QUI

2019
09.03
FEATURE

「原宿アート譜面商店vol.1」潜入レポート|UTILITY × 3人のアーティスト

原宿とんちゃん通りで、日々さまざまなアーティストやクリエイターが集うセレクトショップUTILITY(ユーティリティ)。店名の由来でもある「何でも屋」をコンセプトに、ストリートやモードといったカテゴリーにとらわれず、ウェアからアクセサリー、雑貨、オリジナル什器まで多彩なアイテムを展開している。そのUTILITYで2019年6月に行ったのが、「アートディグ」をコンセプトにしたレコード屋(風)イベント「原宿アート譜面商店vol.1」。QUIでは、このイベントに参加した3名のアーティストを取材した。

イラストレーター・世戸ヒロアキ

<Profile>

1990年福岡県生まれ。
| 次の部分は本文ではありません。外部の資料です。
text \<open>The coefficient of \<open>(b + a, j)\<close>, with \<open>b\<close> and \<open>a\<close> lexicographically greatest among
  the shifts used and the monomials of \<open>h\<close>, receives a contribution from \<open>b\<close> alone.\<close>

lemma shifts_independent:
  fixes h :: "mon \<Rightarrow> 'k::field"
  assumes fin: "finite {x. h x \<noteq> 0}" and nz: "h \<noteq> (\<lambda>_. 0)" and "finite A"
    and sum0: "\<And>x. (\<Sum>b\<in>A. c b * shift b h x) = 0"
  shows "\<forall>b\<in>A. c b = 0"
proof (rule ccontr)
  assume "\<not> (\<forall>b\<in>A. c b = 0)"
  then have "finite {b\<in>A. c b \<noteq> 0}" "{b\<in>A. c b \<noteq> 0} \<noteq> {}" using \<open>finite A\<close> by auto
  then obtain bM where bM: "bM \<in> A" "c bM \<noteq> 0"
    and bM_max: "\<And>b. b \<in> A \<Longrightarrow> c b \<noteq> 0 \<Longrightarrow> b \<noteq> bM \<Longrightarrow> less_fun b bM"
    by (rule finite_less_fun_greatest) auto
  obtain a0 j where "h (a0, j) \<noteq> 0" using nz by fastforce
  have "finite {a. h (a, j) \<noteq> 0}"
    using finite_imageI[OF fin, of fst] by (rule finite_subset[rotated]) force
  moreover from \<open>h (a0, j) \<noteq> 0\<close> have "{a. h (a, j) \<noteq> 0} \<noteq> {}" by blast
  ultimately obtain aM where aM: "h (aM, j) \<noteq> 0"
    and aM_max: "\<And>a. h (a, j) \<noteq> 0 \<Longrightarrow> a \<noteq> aM \<Longrightarrow> less_fun a aM"
    by (rule finite_less_fun_greatest) auto
  define z where "z = (\<lambda>i. bM i + aM i)"
  have other: "c b * shift b h (z, j) = 0" if "b \<in> A" "b \<noteq> bM" for b
  proof (cases "c b \<noteq> 0 \<and> (\<forall>i. b i \<le> z i)")
    case True
    then have z_eq: "z = (\<lambda>i. (z - b) i + b i)" by (auto simp: fun_eq_iff)
    have "h (z - b, j) = 0"
    proof (rule ccontr)
      assume "h (z - b, j) \<noteq> 0"
      moreover have "z - b \<noteq> aM"
      proof
        assume "z - b = aM"
        then have "b i = bM i" for i using fun_cong[OF z_eq, of i] by (simp add: z_def)
        then show False using that(2) by auto
      qed
      ultimately have "less_fun (\<lambda>i. (z - b) i + b i) (\<lambda>i. aM i + b i)"
        by (intro less_fun_add_right aM_max)
      moreover have "less_fun (\<lambda>i. aM i + b i) (\<lambda>i. aM i + bM i)"
        using True that by (intro less_fun_add_left bM_max) auto
      moreover have "(\<lambda>i. aM i + bM i) = z" by (simp add: z_def add.commute)
      ultimately have "less_fun z z" using less_fun_trans z_eq by metis
      then show False using less_fun_irrefl by blast
    qed
    then show ?thesis using True by (simp add: shift_apply)
  qed (auto simp: shift_apply)
  have "(\<Sum>b\<in>A. c b * shift b h (z, j)) = c bM * shift bM h (z, j)"
    using \<open>finite A\<close> bM(1) other by (simp add: sum.remove sum.neutral)
  also have "\<dots> = c bM * h (aM, j)"
    by (simp add: shift_apply z_def fun_diff_def)
  finally show False using sum0[of "(z, j)"] bM(2) aM by simp
qed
普遍的なうまさとトレンド感をまとったイラストレーションを描き、デビューして間もなくファッション誌『GQ』『MENS EX』『UOMO』や、トヨタ、ファミリーマートなどの企業キャンペーン、商業施設などのキービジュアルを手がけ注目を浴びる。現在は広告、店舗壁画、ライブペイント、ポートレートイベントなど活動の幅を広げている。2018年、アジア10ヶ国から200組以上のアーティストが参加する大阪発の国際アートフェア「UNKNOWN ASIA」では「Peach賞」「HOMES賞」をダブル受賞。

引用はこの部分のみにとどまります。